Collected data entries
....................
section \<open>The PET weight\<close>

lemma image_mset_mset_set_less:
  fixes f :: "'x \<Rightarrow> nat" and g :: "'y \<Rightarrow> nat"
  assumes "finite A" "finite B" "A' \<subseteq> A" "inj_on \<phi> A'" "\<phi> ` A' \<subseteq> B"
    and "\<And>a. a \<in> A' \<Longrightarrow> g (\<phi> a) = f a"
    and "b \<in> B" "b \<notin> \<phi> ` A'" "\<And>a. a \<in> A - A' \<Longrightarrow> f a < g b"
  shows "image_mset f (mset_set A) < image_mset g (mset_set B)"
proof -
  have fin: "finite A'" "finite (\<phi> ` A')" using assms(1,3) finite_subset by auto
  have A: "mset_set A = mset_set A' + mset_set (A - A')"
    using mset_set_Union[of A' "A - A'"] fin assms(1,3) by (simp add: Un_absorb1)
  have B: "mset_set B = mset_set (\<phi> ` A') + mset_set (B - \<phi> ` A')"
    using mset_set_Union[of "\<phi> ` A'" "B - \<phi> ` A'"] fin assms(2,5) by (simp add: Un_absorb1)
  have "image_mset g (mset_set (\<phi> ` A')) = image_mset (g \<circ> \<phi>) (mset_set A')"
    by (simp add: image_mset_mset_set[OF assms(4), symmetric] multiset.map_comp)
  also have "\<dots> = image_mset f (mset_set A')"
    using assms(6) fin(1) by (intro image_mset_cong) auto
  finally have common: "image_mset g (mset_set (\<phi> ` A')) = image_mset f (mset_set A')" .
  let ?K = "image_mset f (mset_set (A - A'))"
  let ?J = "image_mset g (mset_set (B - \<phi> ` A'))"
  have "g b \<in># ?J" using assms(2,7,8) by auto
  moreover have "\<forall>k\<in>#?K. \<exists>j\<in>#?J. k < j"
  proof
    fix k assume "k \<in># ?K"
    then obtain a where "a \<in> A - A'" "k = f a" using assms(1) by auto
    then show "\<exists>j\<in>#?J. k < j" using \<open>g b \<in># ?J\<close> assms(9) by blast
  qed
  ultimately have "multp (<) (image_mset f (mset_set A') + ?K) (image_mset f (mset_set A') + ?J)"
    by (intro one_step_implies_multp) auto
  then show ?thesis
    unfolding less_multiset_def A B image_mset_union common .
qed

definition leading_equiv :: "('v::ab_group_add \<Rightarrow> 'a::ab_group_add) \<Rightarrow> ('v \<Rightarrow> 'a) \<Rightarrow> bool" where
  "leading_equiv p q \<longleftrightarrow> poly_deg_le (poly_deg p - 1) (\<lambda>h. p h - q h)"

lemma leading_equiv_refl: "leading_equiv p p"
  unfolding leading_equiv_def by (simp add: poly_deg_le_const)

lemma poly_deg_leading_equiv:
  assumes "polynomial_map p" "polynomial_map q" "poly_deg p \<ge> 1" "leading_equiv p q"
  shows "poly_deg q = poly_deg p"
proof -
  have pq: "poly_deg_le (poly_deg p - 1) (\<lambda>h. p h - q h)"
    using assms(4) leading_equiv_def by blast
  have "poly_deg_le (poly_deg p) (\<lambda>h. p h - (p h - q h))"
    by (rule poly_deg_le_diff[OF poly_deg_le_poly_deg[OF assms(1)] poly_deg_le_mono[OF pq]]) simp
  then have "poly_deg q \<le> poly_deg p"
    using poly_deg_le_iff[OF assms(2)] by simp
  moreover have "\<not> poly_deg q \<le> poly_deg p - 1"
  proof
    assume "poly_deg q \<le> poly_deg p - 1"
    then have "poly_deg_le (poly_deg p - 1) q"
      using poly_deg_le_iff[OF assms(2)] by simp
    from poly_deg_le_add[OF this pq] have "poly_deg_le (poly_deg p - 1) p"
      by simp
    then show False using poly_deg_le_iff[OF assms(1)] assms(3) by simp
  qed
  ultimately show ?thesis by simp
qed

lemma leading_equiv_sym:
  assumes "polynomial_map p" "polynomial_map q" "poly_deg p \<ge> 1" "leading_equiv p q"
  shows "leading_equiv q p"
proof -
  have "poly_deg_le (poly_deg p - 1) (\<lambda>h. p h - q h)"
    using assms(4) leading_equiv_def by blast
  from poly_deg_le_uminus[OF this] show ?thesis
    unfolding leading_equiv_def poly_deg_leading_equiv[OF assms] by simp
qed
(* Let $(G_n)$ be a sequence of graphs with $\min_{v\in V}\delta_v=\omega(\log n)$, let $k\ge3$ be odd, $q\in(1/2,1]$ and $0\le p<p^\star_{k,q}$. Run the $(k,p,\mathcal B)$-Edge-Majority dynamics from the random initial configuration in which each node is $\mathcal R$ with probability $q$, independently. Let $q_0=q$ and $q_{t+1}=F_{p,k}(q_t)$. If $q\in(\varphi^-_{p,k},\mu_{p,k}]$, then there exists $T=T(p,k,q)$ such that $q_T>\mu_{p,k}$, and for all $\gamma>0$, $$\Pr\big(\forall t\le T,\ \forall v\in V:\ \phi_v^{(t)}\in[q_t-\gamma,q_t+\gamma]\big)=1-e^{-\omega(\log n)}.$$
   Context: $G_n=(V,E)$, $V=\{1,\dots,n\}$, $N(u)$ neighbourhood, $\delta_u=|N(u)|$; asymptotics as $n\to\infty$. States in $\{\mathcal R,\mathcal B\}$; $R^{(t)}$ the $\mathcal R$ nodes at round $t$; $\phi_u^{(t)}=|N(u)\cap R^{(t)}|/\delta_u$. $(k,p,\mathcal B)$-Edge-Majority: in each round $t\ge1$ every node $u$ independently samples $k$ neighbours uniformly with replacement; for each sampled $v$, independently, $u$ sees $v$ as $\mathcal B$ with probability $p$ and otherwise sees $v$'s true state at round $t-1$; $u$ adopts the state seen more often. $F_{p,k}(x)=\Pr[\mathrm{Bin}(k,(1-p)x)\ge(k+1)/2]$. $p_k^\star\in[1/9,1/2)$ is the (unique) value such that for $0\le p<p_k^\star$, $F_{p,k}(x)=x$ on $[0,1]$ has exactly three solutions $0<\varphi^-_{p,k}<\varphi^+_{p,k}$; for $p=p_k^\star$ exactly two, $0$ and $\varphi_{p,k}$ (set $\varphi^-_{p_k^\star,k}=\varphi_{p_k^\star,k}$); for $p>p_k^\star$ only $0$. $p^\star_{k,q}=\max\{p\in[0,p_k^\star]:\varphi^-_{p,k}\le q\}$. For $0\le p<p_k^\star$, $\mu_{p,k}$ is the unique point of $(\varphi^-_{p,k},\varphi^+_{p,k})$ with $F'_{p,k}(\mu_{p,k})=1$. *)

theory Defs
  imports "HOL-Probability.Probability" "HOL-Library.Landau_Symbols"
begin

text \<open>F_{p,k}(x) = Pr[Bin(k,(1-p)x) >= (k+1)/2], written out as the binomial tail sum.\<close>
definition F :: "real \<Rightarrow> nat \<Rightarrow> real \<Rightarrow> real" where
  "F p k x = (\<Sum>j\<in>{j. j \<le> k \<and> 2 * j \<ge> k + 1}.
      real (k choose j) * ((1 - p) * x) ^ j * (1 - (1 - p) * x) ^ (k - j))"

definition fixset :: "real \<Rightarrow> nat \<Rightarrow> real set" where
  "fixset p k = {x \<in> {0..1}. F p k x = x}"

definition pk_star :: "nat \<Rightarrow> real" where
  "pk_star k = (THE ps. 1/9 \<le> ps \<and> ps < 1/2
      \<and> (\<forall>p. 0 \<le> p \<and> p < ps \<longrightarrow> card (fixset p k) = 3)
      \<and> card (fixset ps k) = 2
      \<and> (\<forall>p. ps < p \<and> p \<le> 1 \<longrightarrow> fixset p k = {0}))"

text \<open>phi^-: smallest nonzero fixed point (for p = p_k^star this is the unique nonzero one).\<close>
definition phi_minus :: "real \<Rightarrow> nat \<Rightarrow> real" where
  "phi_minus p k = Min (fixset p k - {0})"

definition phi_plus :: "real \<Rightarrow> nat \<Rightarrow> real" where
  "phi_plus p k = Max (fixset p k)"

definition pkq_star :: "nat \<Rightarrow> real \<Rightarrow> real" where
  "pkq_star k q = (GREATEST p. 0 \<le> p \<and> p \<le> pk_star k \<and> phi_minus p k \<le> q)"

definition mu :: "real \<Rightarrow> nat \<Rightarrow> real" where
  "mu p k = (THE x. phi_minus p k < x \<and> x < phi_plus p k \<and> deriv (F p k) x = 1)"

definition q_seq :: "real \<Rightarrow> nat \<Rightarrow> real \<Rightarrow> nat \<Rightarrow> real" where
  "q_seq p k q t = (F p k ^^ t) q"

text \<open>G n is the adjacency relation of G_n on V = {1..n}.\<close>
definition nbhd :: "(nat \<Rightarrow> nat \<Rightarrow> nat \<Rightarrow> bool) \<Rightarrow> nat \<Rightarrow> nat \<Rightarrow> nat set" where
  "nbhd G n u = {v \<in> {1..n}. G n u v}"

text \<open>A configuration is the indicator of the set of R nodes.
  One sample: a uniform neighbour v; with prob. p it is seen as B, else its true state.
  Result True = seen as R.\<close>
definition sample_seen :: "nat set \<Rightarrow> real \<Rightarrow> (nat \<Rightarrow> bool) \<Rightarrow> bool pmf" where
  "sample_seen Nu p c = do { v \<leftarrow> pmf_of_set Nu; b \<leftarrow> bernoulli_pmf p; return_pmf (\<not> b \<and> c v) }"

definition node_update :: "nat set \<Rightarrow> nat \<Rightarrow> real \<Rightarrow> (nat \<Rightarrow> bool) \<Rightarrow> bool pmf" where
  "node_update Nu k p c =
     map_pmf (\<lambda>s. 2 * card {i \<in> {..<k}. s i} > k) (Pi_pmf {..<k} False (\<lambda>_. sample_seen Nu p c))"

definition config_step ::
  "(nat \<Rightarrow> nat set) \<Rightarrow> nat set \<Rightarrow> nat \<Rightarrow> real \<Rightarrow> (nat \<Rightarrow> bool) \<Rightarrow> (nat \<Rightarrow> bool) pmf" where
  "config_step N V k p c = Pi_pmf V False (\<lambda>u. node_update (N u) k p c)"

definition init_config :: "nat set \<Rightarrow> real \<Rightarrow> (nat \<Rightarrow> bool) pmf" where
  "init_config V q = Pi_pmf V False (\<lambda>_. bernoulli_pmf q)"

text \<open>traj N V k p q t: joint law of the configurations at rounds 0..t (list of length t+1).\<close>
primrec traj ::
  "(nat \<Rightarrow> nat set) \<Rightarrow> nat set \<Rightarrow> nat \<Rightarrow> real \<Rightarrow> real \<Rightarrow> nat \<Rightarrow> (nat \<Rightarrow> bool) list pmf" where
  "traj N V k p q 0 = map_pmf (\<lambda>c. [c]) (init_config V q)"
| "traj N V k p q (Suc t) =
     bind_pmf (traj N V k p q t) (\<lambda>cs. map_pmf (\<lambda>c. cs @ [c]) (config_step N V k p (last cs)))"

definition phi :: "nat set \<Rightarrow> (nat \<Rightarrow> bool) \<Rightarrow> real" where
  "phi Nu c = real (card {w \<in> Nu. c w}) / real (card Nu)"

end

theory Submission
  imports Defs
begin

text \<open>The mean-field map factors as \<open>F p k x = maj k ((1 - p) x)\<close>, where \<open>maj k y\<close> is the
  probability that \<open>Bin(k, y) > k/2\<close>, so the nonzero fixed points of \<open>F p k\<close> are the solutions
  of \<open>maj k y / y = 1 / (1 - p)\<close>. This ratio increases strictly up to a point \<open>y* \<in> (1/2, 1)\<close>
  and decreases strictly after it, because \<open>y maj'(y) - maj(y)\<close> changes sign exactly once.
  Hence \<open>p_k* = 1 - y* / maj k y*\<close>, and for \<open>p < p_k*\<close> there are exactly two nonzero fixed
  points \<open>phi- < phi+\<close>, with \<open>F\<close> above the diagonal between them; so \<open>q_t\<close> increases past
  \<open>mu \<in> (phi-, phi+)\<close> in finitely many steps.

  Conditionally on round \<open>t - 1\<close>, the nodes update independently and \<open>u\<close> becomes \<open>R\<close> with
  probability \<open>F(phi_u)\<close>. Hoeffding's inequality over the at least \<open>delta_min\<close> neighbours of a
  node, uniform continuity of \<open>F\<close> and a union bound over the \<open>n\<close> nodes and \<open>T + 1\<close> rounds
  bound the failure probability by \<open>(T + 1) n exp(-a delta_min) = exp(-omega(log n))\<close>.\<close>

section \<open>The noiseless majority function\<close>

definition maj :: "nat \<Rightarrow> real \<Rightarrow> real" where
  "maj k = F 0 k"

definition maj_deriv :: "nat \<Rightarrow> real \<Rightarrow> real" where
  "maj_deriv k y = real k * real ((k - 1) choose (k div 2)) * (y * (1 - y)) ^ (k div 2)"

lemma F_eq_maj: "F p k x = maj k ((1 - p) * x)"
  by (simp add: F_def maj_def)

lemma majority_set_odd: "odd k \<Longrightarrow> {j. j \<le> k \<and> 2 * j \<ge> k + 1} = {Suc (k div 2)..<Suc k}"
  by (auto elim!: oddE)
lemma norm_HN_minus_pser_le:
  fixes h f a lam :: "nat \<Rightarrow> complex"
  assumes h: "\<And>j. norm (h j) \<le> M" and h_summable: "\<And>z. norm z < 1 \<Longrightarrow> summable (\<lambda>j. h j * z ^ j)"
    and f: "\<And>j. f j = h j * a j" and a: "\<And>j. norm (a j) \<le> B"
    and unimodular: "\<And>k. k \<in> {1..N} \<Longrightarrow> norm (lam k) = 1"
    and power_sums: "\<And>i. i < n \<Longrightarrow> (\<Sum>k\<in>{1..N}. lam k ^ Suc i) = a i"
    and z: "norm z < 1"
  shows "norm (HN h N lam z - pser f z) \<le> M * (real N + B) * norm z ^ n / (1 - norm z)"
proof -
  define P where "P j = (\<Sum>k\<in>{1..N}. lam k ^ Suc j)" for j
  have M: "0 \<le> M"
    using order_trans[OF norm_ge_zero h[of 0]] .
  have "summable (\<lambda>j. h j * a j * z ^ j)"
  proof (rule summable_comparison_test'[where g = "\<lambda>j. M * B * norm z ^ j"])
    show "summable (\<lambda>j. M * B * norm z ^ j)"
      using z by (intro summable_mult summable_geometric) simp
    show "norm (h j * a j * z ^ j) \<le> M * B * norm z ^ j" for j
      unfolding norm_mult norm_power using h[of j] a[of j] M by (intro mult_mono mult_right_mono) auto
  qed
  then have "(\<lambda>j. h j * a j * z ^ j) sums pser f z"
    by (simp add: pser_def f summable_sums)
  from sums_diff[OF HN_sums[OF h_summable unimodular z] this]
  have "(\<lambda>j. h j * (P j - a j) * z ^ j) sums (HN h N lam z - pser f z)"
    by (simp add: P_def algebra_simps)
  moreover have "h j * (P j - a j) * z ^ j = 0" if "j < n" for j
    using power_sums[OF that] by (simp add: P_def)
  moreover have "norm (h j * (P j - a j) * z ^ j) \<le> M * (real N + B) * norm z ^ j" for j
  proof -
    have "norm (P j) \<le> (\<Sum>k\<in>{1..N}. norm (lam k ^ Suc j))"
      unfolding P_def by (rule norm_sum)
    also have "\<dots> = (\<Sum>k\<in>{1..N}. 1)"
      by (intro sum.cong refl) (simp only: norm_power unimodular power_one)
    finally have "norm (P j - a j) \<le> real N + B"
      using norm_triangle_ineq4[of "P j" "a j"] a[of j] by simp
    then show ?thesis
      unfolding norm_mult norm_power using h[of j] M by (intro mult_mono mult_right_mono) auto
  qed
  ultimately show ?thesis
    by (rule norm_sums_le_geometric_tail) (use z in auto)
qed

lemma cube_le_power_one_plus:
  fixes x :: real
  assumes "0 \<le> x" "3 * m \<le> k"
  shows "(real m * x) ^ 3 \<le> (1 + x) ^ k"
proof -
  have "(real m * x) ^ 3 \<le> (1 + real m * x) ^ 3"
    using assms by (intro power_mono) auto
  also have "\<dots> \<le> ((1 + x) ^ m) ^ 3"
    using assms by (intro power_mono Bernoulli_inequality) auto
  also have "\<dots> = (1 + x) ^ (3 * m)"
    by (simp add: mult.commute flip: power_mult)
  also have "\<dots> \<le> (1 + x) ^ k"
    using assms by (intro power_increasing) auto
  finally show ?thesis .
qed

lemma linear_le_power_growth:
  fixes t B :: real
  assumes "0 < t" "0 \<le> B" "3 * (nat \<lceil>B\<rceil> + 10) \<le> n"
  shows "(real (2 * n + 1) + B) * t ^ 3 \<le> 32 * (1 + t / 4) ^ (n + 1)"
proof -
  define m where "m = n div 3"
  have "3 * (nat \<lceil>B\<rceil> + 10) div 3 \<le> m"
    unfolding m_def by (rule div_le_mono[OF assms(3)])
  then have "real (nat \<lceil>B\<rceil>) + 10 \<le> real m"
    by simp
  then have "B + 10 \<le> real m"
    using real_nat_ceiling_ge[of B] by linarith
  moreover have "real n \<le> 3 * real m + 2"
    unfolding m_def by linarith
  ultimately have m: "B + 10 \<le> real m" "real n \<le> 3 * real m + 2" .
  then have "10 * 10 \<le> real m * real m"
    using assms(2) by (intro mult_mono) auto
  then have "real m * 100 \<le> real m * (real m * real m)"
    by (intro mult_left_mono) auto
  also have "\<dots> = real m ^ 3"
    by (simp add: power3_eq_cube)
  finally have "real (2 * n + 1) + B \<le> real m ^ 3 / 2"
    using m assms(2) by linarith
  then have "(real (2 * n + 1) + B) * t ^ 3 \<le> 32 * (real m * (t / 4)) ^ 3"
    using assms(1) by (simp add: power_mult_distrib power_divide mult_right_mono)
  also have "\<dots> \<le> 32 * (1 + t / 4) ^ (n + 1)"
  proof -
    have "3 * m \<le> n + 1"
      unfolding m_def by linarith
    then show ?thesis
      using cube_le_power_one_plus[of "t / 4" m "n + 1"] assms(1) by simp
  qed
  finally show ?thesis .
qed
....................
Please give an exact copy of the entries above, from the line with "using assms by (intro power_mono Bernoulli_inequality)" down to the line with "fixes t B :: real", inclusive, and nothing else.

**Response for this exercise**:
    using assms by (intro power_mono Bernoulli_inequality) auto
  also have "\<dots> = (1 + x) ^ (3 * m)"
    by (simp add: mult.commute flip: power_mult)
  also have "\<dots> \<le> (1 + x) ^ k"
    using assms by (intro power_increasing) auto
  finally show ?thesis .
qed

lemma linear_le_power_growth:
  fixes t B :: real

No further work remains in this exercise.